Distributed by APO Group on behalf of Facebook.
SAHARA GROUP, CHERIE BLAIR QC, CBE, DISCUSS PROMOTION OF SDGS IN AFRICA
Davos, Switzerland, February 4, 2019: Leading energy conglomerate, Sahara Group is set to explore opportunities with Cherie Blair in a bid to enhance sustainable development in Africa through access to technology, education and food security.
Group Managing Director, Sahara Power Group, Kola Adesina, Director, Governance and Sustainability, Pearl Uzokwe and Head, Corporate Communications, Bethel Obioma, met with Cherie Blair and her Omnia Strategy team in Davos at the recent 2019 World Economic Forum where both parties acknowledged the need for sustained collaboration and involvement of the private sector in the quest to leapfrog Africa into the Fourth Industrial Revolution.
Speaking at the meeting, Adesina said Sahara Group, in line with its vision of bringing energy to life, was constantly seeking opportunities to partner reputable institutions in its quest to give wings to the aspirations of individuals and businesses in Africa.
According to him, “Sahara has a remarkable precedent of being at the forefront of private sector participation in driving sustainable development. We are currently working with the United Nations on promoting food security in addition to our interventions through the Sahara Foundation. We are strongly focused on building an ecosystem that will make Africa competitive, improve the quality of life of our people, and create wealth through alignment with global partners who share our vision and passion. We look forward to exploring possible intervention projects with Cherie and Omnia Strategy.”
Mrs. Blair noted that Africa would need to embrace technology to accelerate development and create systems that will sustain transparency in business and empower the people, especially women.
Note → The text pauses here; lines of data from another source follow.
(* Let $0<d<1/2$, let $\{x_t\}$ satisfy Assumption 1 (see context), and let $r_t=\sum_{j=0}^{t-1}\pi_j(d)$ for $t\ge1$. Then, as $T\to\infty$, $$\frac{\operatorname{Var}\left(\sum_{t=1}^T r_t x_t\right)}{\sum_{t=1}^T r_t^2}\;\longrightarrow\;\gamma_x(0)+2\sum_{h=1}^\infty\gamma_x(h)=\omega_x^2 .$$
   Context: For real $\delta$, the coefficients $\pi_j(\delta)$, $j\ge 0$, are defined by the binomial expansion $(1-z)^{\delta}=\sum_{j=0}^\infty \pi_j(\delta)z^j$, i.e. $\pi_0(\delta)=1$ and $\pi_j(\delta)=\prod_{k=1}^{j}\frac{k-1-\delta}{k}$. Assumption 1: $\{x_t\}$ is a covariance-stationary process $x_t=\sum_{j=0}^\infty c_j\varepsilon_{t-j}$ with $c_0=1$, $\sum_{j=0}^\infty|c_j|<\infty$, $c(1):=\sum_{j=0}^\infty c_j\neq 0$, where $\{\varepsilon_t\}$ is white noise with $E(\varepsilon_t)=0$, $E(\varepsilon_t^2)=\sigma^2>0$ and $E(\varepsilon_t\varepsilon_{t+h})=0$ for $h\ne0$. Its autocovariances are $\gamma_x(h)=E(x_tx_{t+h})$ and its long-run variance is $\omega_x^2=\sigma^2\big(\sum_{j=0}^\infty c_j\big)^2=\sum_{h=-\infty}^\infty\gamma_x(h)$. *)

theory Defs
  imports "HOL-Probability.Probability"
begin

text \<open>Coefficients of the binomial expansion (1 - z) powr delta.\<close>
definition frac_coef :: "real \<Rightarrow> nat \<Rightarrow> real" where
  "frac_coef \<delta> j = (\<Prod>k = 1..j. (real k - 1 - \<delta>) / real k)"

definition partial_coef :: "real \<Rightarrow> nat \<Rightarrow> real" where
  "partial_coef d t = (\<Sum>j<t. frac_coef d j)"

text \<open>Linear process x_t = sum_j c_j eps_(t-j), defined pointwise (it converges a.s.).\<close>
definition lin_proc :: "(nat \<Rightarrow> real) \<Rightarrow> (int \<Rightarrow> 'a \<Rightarrow> real) \<Rightarrow> int \<Rightarrow> 'a \<Rightarrow> real" where
  "lin_proc c \<epsilon> t \<omega> = (\<Sum>j. c j * \<epsilon> (t - int j) \<omega>)"

text \<open>Expectation, variance and autocovariance (written out; the library's
  expectation/variance are abbreviations inside the prob_space locale).\<close>
definition expect :: "'a measure \<Rightarrow> ('a \<Rightarrow> real) \<Rightarrow> real" where
  "expect M X = integral\<^sup>L M X"

definition Var :: "'a measure \<Rightarrow> ('a \<Rightarrow> real) \<Rightarrow> real" where
  "Var M X = integral\<^sup>L M (\<lambda>\<omega>. (X \<omega> - integral\<^sup>L M X)\<^sup>2)"

text \<open>gamma_x(h) = E(x_t x_(t+h)); by covariance stationarity this does not depend on t,
  so we take t = 0.\<close>
definition autocov :: "'a measure \<Rightarrow> (int \<Rightarrow> 'a \<Rightarrow> real) \<Rightarrow> int \<Rightarrow> real" where
  "autocov M x h = expect M (\<lambda>\<omega>. x 0 \<omega> * x h \<omega>)"

end

theory Submission
  imports Defs "HOL-Analysis.Harmonic_Numbers"
begin

text \<open>Write \<open>r\<^sub>s\<close> for the weights and \<open>\<gamma>(h) = \<sigma>\<^sup>2 \<Sum>\<^sub>i c\<^sub>i c\<^sub>i\<^sub>+\<^sub>h\<close> for the
  autocovariances of \<open>x\<close>. The variance of \<open>\<Sum> r\<^sub>t x\<^sub>t\<close> is the Toeplitz form
  \<open>\<Sum>\<^sub>s\<^sub>,\<^sub>t r\<^sub>s r\<^sub>t \<gamma>(|s - t|) = \<gamma>(0) D\<^sub>T + 2 \<Sum>\<^sub>h \<gamma>(h) A\<^sub>T(h)\<close>, where
  \<open>D\<^sub>T = \<Sum> r\<^sub>s\<^sup>2\<close> and \<open>A\<^sub>T(h) = \<Sum>\<^sub>s r\<^sub>s r\<^sub>s\<^sub>+\<^sub>h\<close>. The weights satisfy
  \<open>r\<^sub>t\<^sub>+\<^sub>1 = r\<^sub>t (t - d) / t\<close>, so they are positive and nonincreasing, whence
  \<open>D\<^sub>T - h r\<^sub>1\<^sup>2 \<le> A\<^sub>T(h) \<le> D\<^sub>T\<close>; and for \<open>d < 1/2\<close> the sequence \<open>t r\<^sub>t\<^sup>2\<close> is eventually
  nondecreasing, so \<open>D\<^sub>T\<close> dominates a multiple of the harmonic series and diverges. Hence
  \<open>A\<^sub>T(h) / D\<^sub>T \<rightarrow> 1\<close> for every \<open>h\<close>, and Tannery's theorem, with the summable
  majorant \<open>|\<gamma>(h)|\<close>, gives the limit \<open>\<gamma>(0) + 2 \<Sum>\<^sub>h \<gamma>(h)\<close>. The same expansion of
  \<open>(\<Sum>\<^sub>s\<^sub><\<^sub>N c\<^sub>s)\<^sup>2\<close>, passed to the limit in the same way, identifies this with
  \<open>\<sigma>\<^sup>2 c(1)\<^sup>2\<close>.\<close>

section \<open>Fractional weights\<close>

lemma frac_coef_Suc: "frac_coef d (Suc j) = frac_coef d j * ((real j - d) / real (Suc j))"
  unfolding frac_coef_def by (simp add: prod.cl_ivl_Suc)

lemma frac_coef_eq_partial_coef: "real t * frac_coef d t = - d * partial_coef d t"
proof (induction t)
  case 0
  show ?case by (simp add: partial_coef_def)
next
  case (Suc t)
  have "real (Suc t) * frac_coef d (Suc t) = (real t - d) * frac_coef d t"
    by (simp add: frac_coef_Suc)
  also have "\<dots> = - d * partial_coef d (Suc t)"
    using Suc.IH by (simp add: partial_coef_def algebra_simps)
  finally show ?case .
qed

lemma partial_coef_Suc_0 [simp]: "partial_coef d (Suc 0) = 1"
  by (simp add: partial_coef_def frac_coef_def)

lemma partial_coef_Suc:
  assumes "1 \<le> t"
  shows "partial_coef d (Suc t) = partial_coef d t * ((real t - d) / real t)"
proof -
  have "partial_coef d (Suc t) = partial_coef d t + frac_coef d t"
    by (simp add: partial_coef_def)
  also have "frac_coef d t = - d * partial_coef d t / real t"
    using frac_coef_eq_partial_coef[of t d] assms by (simp add: field_simps)
  finally show ?thesis
    using assms by (simp add: field_simps)
qed

lemma partial_coef_pos:
  assumes "d < 1" and "1 \<le> t"
  shows "0 < partial_coef d t"
  using assms(2)
proof (induction t rule: dec_induct)
  case (step t)
  then show ?case
    using assms(1) by (simp add: partial_coef_Suc)
qed simp

lemma decseq_partial_coef:
  assumes "0 \<le> d" and "d < 1"
  shows "decseq (\<lambda>s. partial_coef d (Suc s))"
proof (rule decseq_SucI)
  fix s
  have "partial_coef d (Suc (Suc s)) = partial_coef d (Suc s) * ((real (Suc s) - d) / real (Suc s))"
    by (rule partial_coef_Suc) simp
  also have "\<dots> \<le> partial_coef d (Suc s)"
    using assms partial_coef_pos[of d "Suc s"] by (intro mult_left_le) auto
  finally show "partial_coef d (Suc (Suc s)) \<le> partial_coef d (Suc s)" .
qed

lemma partial_coef_sq_growth:
  assumes "0 < d" and "1 \<le> m" and "2 * d * (real m + 1) \<le> real m"
  shows "real m * (partial_coef d m)\<^sup>2 \<le> real (Suc m) * (partial_coef d (Suc m))\<^sup>2"
proof -
  have cubic: "real m ^ 3 \<le> (real m + 1) * (real m - d)\<^sup>2"
  proof -
    have "(real m + 1) * (real m - d)\<^sup>2 - real m ^ 3
        = real m * (real m - 2 * d * (real m + 1)) + (real m + 1) * d\<^sup>2"
      by (simp add: power2_eq_square power3_eq_cube algebra_simps)
    also have "\<dots> \<ge> 0"
      using assms by (intro add_nonneg_nonneg mult_nonneg_nonneg) auto
    finally show ?thesis by simp
  qed
  have "real m * (partial_coef d m)\<^sup>2 = (partial_coef d m)\<^sup>2 * real m ^ 3 / (real m)\<^sup>2"
    using assms by (simp add: power2_eq_square power3_eq_cube)
  also have "\<dots> \<le> (partial_coef d m)\<^sup>2 * ((real m + 1) * (real m - d)\<^sup>2) / (real m)\<^sup>2"
    using cubic by (intro divide_right_mono mult_left_mono) auto
  also have "\<dots> = real (Suc m) * (partial_coef d (Suc m))\<^sup>2"
    using assms by (simp add: partial_coef_Suc power2_eq_square field_simps)
  finally show ?thesis .
qed

lemma sum_at_top_of_eventually_ge_inverse:
  fixes f :: "nat \<Rightarrow> real"
  assumes "0 < C" and "\<And>t. 0 \<le> f t" and "\<And>t. K \<le> t \<Longrightarrow> C / real t \<le> f t"
  shows "filterlim (\<lambda>T. \<Sum>t = 1..T. f t) at_top sequentially"
proof -
  have harm_le: "C * harm T - C * harm K \<le> (\<Sum>t = 1..T. f t)" for T
  proof -
    have "C * harm T = (\<Sum>t = 1..T. C / real t)"
      by (simp add: harm_def sum_distrib_left divide_inverse)
    also have "\<dots> \<le> (\<Sum>t = 1..T. f t + (if t < K then C / real t else 0))"
      using assms by (intro sum_mono) (auto simp: add_increasing)
    also have "\<dots> = (\<Sum>t = 1..T. f t) + (\<Sum>t \<in> {1..T} \<inter> {..<K}. C / real t)"
      by (simp add: sum.distrib sum.If_cases Int_def)
    also have "(\<Sum>t \<in> {1..T} \<inter> {..<K}. C / real t) \<le> (\<Sum>t = 1..K. C / real t)"
      using assms(1) by (intro sum_mono2) auto
    also have "\<dots> = C * harm K"
      by (simp add: harm_def sum_distrib_left divide_inverse)
    finally show ?thesis by simp
  qed
  have "filterlim (\<lambda>T. - (C * harm K) + C * harm T) at_top sequentially"
    using assms(1)
    by (intro filterlim_tendsto_add_at_top[OF tendsto_const]
        filterlim_tendsto_pos_mult_at_top[OF tendsto_const _ harm_at_top])
  then show ?thesis
    by (rule filterlim_at_top_mono) (use harm_le in auto)
qed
She added that a commitment to good corporate citizenship and focusing on the relationship between business and human rights is increasingly critical to not only companies but consumers and politicians.
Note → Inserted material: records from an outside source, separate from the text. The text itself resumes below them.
text \<open>Parity leaves only the two extreme heights at \<open>Suc p\<close>.\<close>
lemma between_turn_valley:
  assumes p: "p \<in> occ a [D, U]" and len: "length c = length a"
    and below: "dyck_le a c" and above: "dyck_le c (turn_valley p a)"
  shows "c = a \<or> c = turn_valley p a"
proof -
  have a_le_c: "height a j \<le> height c j" if "j \<le> length a" for j
    using below that by (simp add: dyck_le_def)
  have c_le: "height c j \<le> height a j + (if j = Suc p then 2 else 0)" if "j \<le> length a" for j
    using above that len by (simp add: dyck_le_def height_turn_valley[OF p])
  have "Suc p \<le> length a" using p by (simp add: occ_two)
  then have "height c (Suc p) = height a (Suc p) \<or> height a (Suc p) + 2 \<le> height c (Suc p)"
    using height_eq_or_gap[of "Suc p" a c] a_le_c len by auto
  then show ?thesis
  proof
    assume at_p: "height c (Suc p) = height a (Suc p)"
    have "height c j = height a j" if "j \<le> length a" for j
      using a_le_c[OF that] c_le[OF that] at_p by (cases "j = Suc p") simp_all
    then have "c = a" by (rule eq_if_heights_eq[OF len])
    then show ?thesis ..
  next
    assume at_p: "height a (Suc p) + 2 \<le> height c (Suc p)"
    have "height c j = height (turn_valley p a) j" if "j \<le> length a" for j
      using a_le_c[OF that] c_le[OF that] at_p
      by (cases "j = Suc p") (simp_all add: height_turn_valley[OF p])
    then have "c = turn_valley p a" using len by (intro eq_if_heights_eq) simp_all
    then show ?thesis ..
  qed
qed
“I think technology plays a huge role in the development of Africa. We have witnessed a marked improvement in the ease of doing business since the inception of mobile money platforms in Africa. This has improved access to funds for small businesses and seamless payment for services without the intervention of middle men. Enhancing access to funds through technology is critical to achieving economic development and prosperity. I believe there are many interventions we can establish working with the Sahara Group,” Mrs. Blair said.
Mrs. Blair also said the fact that the development of mobile apps is becoming commonplace in everyday activities is indicative of the role technology can play in driving sustainable development in Africa. I have seen through my own foundation (Cherie Blair Foundation for Women) how mobile technology is helping farmers till the land better in Africa and find the best price for their produce using mobile apps. These apps are also being used to deliver primary health care options and information to mothers, making people healthier and more productive.
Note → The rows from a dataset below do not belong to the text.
(* Let $L>0$, let $p_{\rm ext}\in\mathbb{R}$ be a constant, and let $\bar\ell:\mathcal{U}\to\mathbb{R}$ be a smooth function of four real variables, defined on an open set $\mathcal{U}\subset\mathbb{R}^4$ and written $\bar\ell=\bar\ell(A,A_t,A_s,u)$ (it does not depend explicitly on $s$ or $t$). Let $A,u,p$ be smooth real functions of $(s,t)\in(\mathbb{R}/L\mathbb{Z})\times I$, $I$ an open time interval, with $(A,A_t,A_s,u)(s,t)\in\mathcal{U}$, satisfying $$\partial_t \frac{\partial\bar\ell}{\partial u}+u\,\partial_s\frac{\partial\bar\ell}{\partial u}+2\frac{\partial\bar\ell}{\partial u}\,\partial_s u=-A\,\partial_s p,$$ $$\partial_t\frac{\partial\bar\ell}{\partial A_t}+\partial_s\frac{\partial\bar\ell}{\partial A_s}-\frac{\partial\bar\ell}{\partial A}=p-p_{\rm ext},$$ $$\partial_t A+\partial_s(Au)=0,$$ where all partial derivatives of $\bar\ell$ are evaluated at $(A(s,t),\partial_tA(s,t),\partial_sA(s,t),u(s,t))$. Then the quantity $$E(t)=\int_0^L\Big(\frac{\partial\bar\ell}{\partial A_t}\,\partial_tA+\frac{\partial\bar\ell}{\partial u}\,u-\bar\ell\Big)\,\mathrm{d}s$$ is independent of $t\in I$.
   Context: This system models an inextensible, unshearable fluid-conveying tube with straight centerline: $s$ is the coordinate along the tube, $A(s,t)$ the cross-sectional area, $u(s,t)$ the fluid velocity, $p$ the fluid pressure (Lagrange multiplier for incompressibility), $p_{\rm ext}$ the external pressure, and $\bar\ell$ the Lagrangian density (with the swirl circulation frozen at a constant value). Periodic boundary conditions in $s$ are assumed. *)

theory Defs
  imports "HOL-Analysis.Analysis"
begin

fun dirderivs :: "'a::real_normed_vector list \<Rightarrow> ('a \<Rightarrow> real) \<Rightarrow> ('a \<Rightarrow> real)" where
  "dirderivs [] f = f"
| "dirderivs (v # vs) f = (\<lambda>x. frechet_derivative (dirderivs vs f) (at x) v)"

text \<open>C-infinity smoothness on an open set: every iterated directional derivative
  exists and is differentiable at every point of the set (hence all partial
  derivatives of all orders exist and are continuous there).\<close>
definition smooth_on :: "'a::real_normed_vector set \<Rightarrow> ('a \<Rightarrow> real) \<Rightarrow> bool" where
  "smooth_on S f \<longleftrightarrow> (\<forall>vs. \<forall>x\<in>S. dirderivs vs f differentiable (at x))"

definition ds :: "(real \<Rightarrow> real \<Rightarrow> real) \<Rightarrow> real \<Rightarrow> real \<Rightarrow> real" where
  "ds f s t = deriv (\<lambda>\<sigma>. f \<sigma> t) s"

definition dt :: "(real \<Rightarrow> real \<Rightarrow> real) \<Rightarrow> real \<Rightarrow> real \<Rightarrow> real" where
  "dt f s t = deriv (\<lambda>\<tau>. f s \<tau>) t"

definition pdiff :: "('a::real_normed_vector \<Rightarrow> real) \<Rightarrow> 'a \<Rightarrow> 'a \<Rightarrow> real" where
  "pdiff l v q = frechet_derivative l (at q) v"

type_synonym R4 = "real \<times> real \<times> real \<times> real"

abbreviation eA :: R4 where "eA \<equiv> (1, 0, 0, 0)"
abbreviation eAt :: R4 where "eAt \<equiv> (0, 1, 0, 0)"
abbreviation eAs :: R4 where "eAs \<equiv> (0, 0, 1, 0)"
abbreviation eu :: R4 where "eu \<equiv> (0, 0, 0, 1)"

end

theory Submission
  imports Defs
begin

text \<open>Since the Lagrangian does not depend explicitly on time, the energy density
  e = l_{A_t} A_t + l_u u - l obeys a local conservation law \<partial>_t e + \<partial>_s G = 0 along
  solutions, with flux G = l_{A_s} A_t + u^2 l_u + (p - p_ext) A u. This follows from the chain
  rule for l along the jet (A, A_t, A_s, u), the two equations of motion, mass conservation and
  the symmetry of the mixed partial derivatives of A. Differentiating E under the integral sign
  therefore gives E' = G(0) - G(L), which vanishes by periodicity.\<close>

lemma dirderivs_append: "dirderivs vs (dirderivs ws f) = dirderivs (vs @ ws) f"
  by (induction vs) auto

lemma smooth_on_dirderivs: "smooth_on S f \<Longrightarrow> smooth_on S (dirderivs vs f)"
  unfolding smooth_on_def by (simp add: dirderivs_append)

lemma smooth_on_imp_differentiable: "smooth_on S f \<Longrightarrow> x \<in> S \<Longrightarrow> f differentiable (at x)"
  unfolding smooth_on_def by (metis dirderivs.simps(1))

lemma smooth_on_imp_continuous_on: "smooth_on S f \<Longrightarrow> continuous_on S f"
  by (rule differentiable_imp_continuous_on)
     (auto simp: differentiable_on_def intro: differentiable_at_withinI smooth_on_imp_differentiable)

lemma smooth_on_pdiff: "smooth_on S f \<Longrightarrow> smooth_on S (pdiff f v)"
  unfolding pdiff_def using smooth_on_dirderivs[of S f "[v]"] by simp

lemma has_real_derivative_frechet_derivative_comp:
  fixes F :: "'a::real_normed_vector \<Rightarrow> real"
  assumes F: "F differentiable (at (\<gamma> x))" and \<gamma>: "(\<gamma> has_vector_derivative v) (at x)"
  shows "((\<lambda>y. F (\<gamma> y)) has_real_derivative frechet_derivative F (at (\<gamma> x)) v) (at x)"
proof -
  let ?D = "frechet_derivative F (at (\<gamma> x))"
  have D: "(F has_derivative ?D) (at (\<gamma> x))" using F frechet_derivative_works by blast
  have "((\<lambda>y. F (\<gamma> y)) has_derivative (\<lambda>h. ?D (h *\<^sub>R v))) (at x)"
    using has_derivative_compose[OF \<gamma>[unfolded has_vector_derivative_def] D] by simp
  moreover have "(\<lambda>h. ?D (h *\<^sub>R v)) = (*) (?D v)"
    using linear_scale[OF has_derivative_linear[OF D]] by (simp add: fun_eq_iff)
  ultimately show ?thesis by (simp add: has_field_derivative_def)
qed

lemma frechet_derivative_R4:
  fixes F :: "R4 \<Rightarrow> real"
  assumes "F differentiable (at q)"
  shows "frechet_derivative F (at q) (a, b, c, d) =
    a * pdiff F eA q + b * pdiff F eAt q + c * pdiff F eAs q + d * pdiff F eu q"
proof -
  have lin: "linear (frechet_derivative F (at q))"
    using assms frechet_derivative_works has_derivative_linear by blast
  have "(a, b, c, d) = a *\<^sub>R eA + b *\<^sub>R eAt + c *\<^sub>R eAs + d *\<^sub>R eu" by simp
  then show ?thesis
    by (simp only: linear_add[OF lin] linear_scale[OF lin] real_scaleR_def pdiff_def)
qed

lemma has_real_derivative_R4_comp:
  fixes F :: "R4 \<Rightarrow> real"
  assumes F: "F differentiable (at (a x, b x, c x, d x))"
    and "(a has_real_derivative a') (at x)" "(b has_real_derivative b') (at x)"
    and "(c has_real_derivative c') (at x)" "(d has_real_derivative d') (at x)"
  shows "((\<lambda>y. F (a y, b y, c y, d y)) has_real_derivative
      a' * pdiff F eA (a x, b x, c x, d x) + b' * pdiff F eAt (a x, b x, c x, d x)
    + c' * pdiff F eAs (a x, b x, c x, d x) + d' * pdiff F eu (a x, b x, c x, d x)) (at x)"
proof -
  have "((\<lambda>y. (a y, b y, c y, d y)) has_vector_derivative (a', b', c', d')) (at x)"
    using assms(2-5) unfolding has_real_derivative_iff_has_vector_derivative
    by (intro has_vector_derivative_Pair)
  from has_real_derivative_frechet_derivative_comp[OF F this] show ?thesis
    by (simp only: frechet_derivative_R4[OF F])
qed

lemma ds_eqI: "((\<lambda>\<sigma>. f \<sigma> t) has_real_derivative D) (at s) \<Longrightarrow> ds f s t = D"
  unfolding ds_def by (rule DERIV_imp_deriv)

lemma dt_eqI: "((\<lambda>\<tau>. f s \<tau>) has_real_derivative D) (at t) \<Longrightarrow> dt f s t = D"
  unfolding dt_def by (rule DERIV_imp_deriv)

lemma ds_const [simp]: "ds (\<lambda>s t. c) s t = 0"
  by (rule ds_eqI) simp

lemma ds_periodic:
  assumes "((\<lambda>\<sigma>. f \<sigma> t) has_real_derivative ds f (s + L) t) (at (s + L))"
    and "\<And>\<sigma>. f (\<sigma> + L) t = f \<sigma> t"
  shows "ds f (s + L) t = ds f s t"
proof -
  have "((\<lambda>\<sigma>. f (\<sigma> + L) t) has_real_derivative ds f (s + L) t) (at s)"
    using assms(1) by (simp add: DERIV_shift)
  then show ?thesis using assms(2) by (intro ds_eqI[symmetric]) simp
qed

lemma dt_periodic: "(\<And>\<tau>. f (s + L) \<tau> = f s \<tau>) \<Longrightarrow> dt f (s + L) t = dt f s t"
  unfolding dt_def by presburger

definition C1_strip :: "real set \<Rightarrow> (real \<Rightarrow> real \<Rightarrow> real) \<Rightarrow> bool" where
  "C1_strip I f \<longleftrightarrow>
     (\<forall>s. \<forall>t\<in>I. ((\<lambda>\<sigma>. f \<sigma> t) has_real_derivative ds f s t) (at s)
        \<and> ((\<lambda>\<tau>. f s \<tau>) has_real_derivative dt f s t) (at t))
   \<and> continuous_on (UNIV \<times> I) (\<lambda>x. f (fst x) (snd x))
   \<and> continuous_on (UNIV \<times> I) (\<lambda>x. ds f (fst x) (snd x))
   \<and> continuous_on (UNIV \<times> I) (\<lambda>x. dt f (fst x) (snd x))"

lemma
  assumes "C1_strip I f"
  shows C1_strip_has_ds: "t \<in> I \<Longrightarrow> ((\<lambda>\<sigma>. f \<sigma> t) has_real_derivative ds f s t) (at s)"
    and C1_strip_has_dt: "t \<in> I \<Longrightarrow> ((\<lambda>\<tau>. f s \<tau>) has_real_derivative dt f s t) (at t)"
    and C1_strip_continuous: "continuous_on (UNIV \<times> I) (\<lambda>x. f (fst x) (snd x))"
    and C1_strip_continuous_ds: "continuous_on (UNIV \<times> I) (\<lambda>x. ds f (fst x) (snd x))"
    and C1_strip_continuous_dt: "continuous_on (UNIV \<times> I) (\<lambda>x. dt f (fst x) (snd x))"
  using assms unfolding C1_strip_def by blast+

lemma C1_stripI:
  assumes "\<And>s t. t \<in> I \<Longrightarrow> ((\<lambda>\<sigma>. f \<sigma> t) has_real_derivative Fs s t) (at s)"
    and "\<And>s t. t \<in> I \<Longrightarrow> ((\<lambda>\<tau>. f s \<tau>) has_real_derivative Ft s t) (at t)"
    and "continuous_on (UNIV \<times> I) (\<lambda>x. f (fst x) (snd x))"
    and "continuous_on (UNIV \<times> I) (\<lambda>x. Fs (fst x) (snd x))"
    and "continuous_on (UNIV \<times> I) (\<lambda>x. Ft (fst x) (snd x))"
  shows "C1_strip I f"
proof -
  have "ds f s t = Fs s t" "dt f s t = Ft s t" if "t \<in> I" for s t
    using assms(1,2)[OF that] by (auto intro: ds_eqI dt_eqI)
  then show ?thesis
    unfolding C1_strip_def using assms
    by (auto intro: continuous_on_eq[OF assms(4)] continuous_on_eq[OF assms(5)])
qed

lemma
  assumes F: "smooth_on (UNIV \<times> I) F" and I: "open I"
    and f: "\<And>s t. t \<in> I \<Longrightarrow> f s t = F (s, t)"
  shows C1_strip_if_smooth_on: "C1_strip I f"
    and ds_eq_dirderivs: "t \<in> I \<Longrightarrow> ds f s t = dirderivs [(1, 0)] F (s, t)"
    and dt_eq_dirderivs: "t \<in> I \<Longrightarrow> dt f s t = dirderivs [(0, 1)] F (s, t)"
proof -
  have F': "F differentiable (at (s, t))" if "t \<in> I" for s t
    using smooth_on_imp_differentiable[OF F] that by simp
  have Ds: "((\<lambda>\<sigma>. f \<sigma> t) has_real_derivative dirderivs [(1, 0)] F (s, t)) (at s)"
    if "t \<in> I" for s t
  proof -
    have "((\<lambda>\<sigma>. (\<sigma>, t)) has_vector_derivative (1, 0)) (at s)"
      by (auto intro!: derivative_eq_intros)
    from has_real_derivative_frechet_derivative_comp[OF F'[OF that] this] show ?thesis
      using f[OF that] by simp
  qed
  have Dt: "((\<lambda>\<tau>. f s \<tau>) has_real_derivative dirderivs [(0, 1)] F (s, t)) (at t)"
    if "t \<in> I" for s t
  proof -
    have "((\<lambda>\<tau>. (s, \<tau>)) has_vector_derivative (0, 1)) (at t)"
      by (auto intro!: derivative_eq_intros)
    from has_real_derivative_frechet_derivative_comp[OF F'[OF that] this]
    have "((\<lambda>\<tau>. F (s, \<tau>)) has_real_derivative dirderivs [(0, 1)] F (s, t)) (at t)"
      by simp
    then show ?thesis
      by (rule has_field_derivative_transform_within_open[OF _ I that]) (simp add: f)
  qed
  have "continuous_on (UNIV \<times> I) (\<lambda>x. dirderivs vs F (fst x, snd x))" for vs
    using smooth_on_imp_continuous_on[OF smooth_on_dirderivs[OF F]] by simp
  moreover have "continuous_on (UNIV \<times> I) (\<lambda>x. f (fst x) (snd x))"
    using smooth_on_imp_continuous_on[OF F] by (rule continuous_on_eq) (auto simp: f)
  ultimately show "C1_strip I f"
    by (intro C1_stripI[OF Ds Dt])
  show "t \<in> I \<Longrightarrow> ds f s t = dirderivs [(1, 0)] F (s, t)" by (rule ds_eqI) (rule Ds)
  show "t \<in> I \<Longrightarrow> dt f s t = dirderivs [(0, 1)] F (s, t)" by (rule dt_eqI) (rule Dt)
qed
Mrs. Blair said the three most pressing issues Africa needs to focus on include: education, infrastructure development and food security
Uzokwe said the above were issues that Sahara Group remained passionate about, adding, “we believe that more than ever before, cooperation is needed to transform Africa and Sahara Group is delighted to explore how we can deliver the SDGs in Africa, working with Cherie Blair and her Omnia Strategy team, as well as other stakeholders.”
Both parties will have follow up meetings to determine the terms of reference for the partnership amongst other deliberations.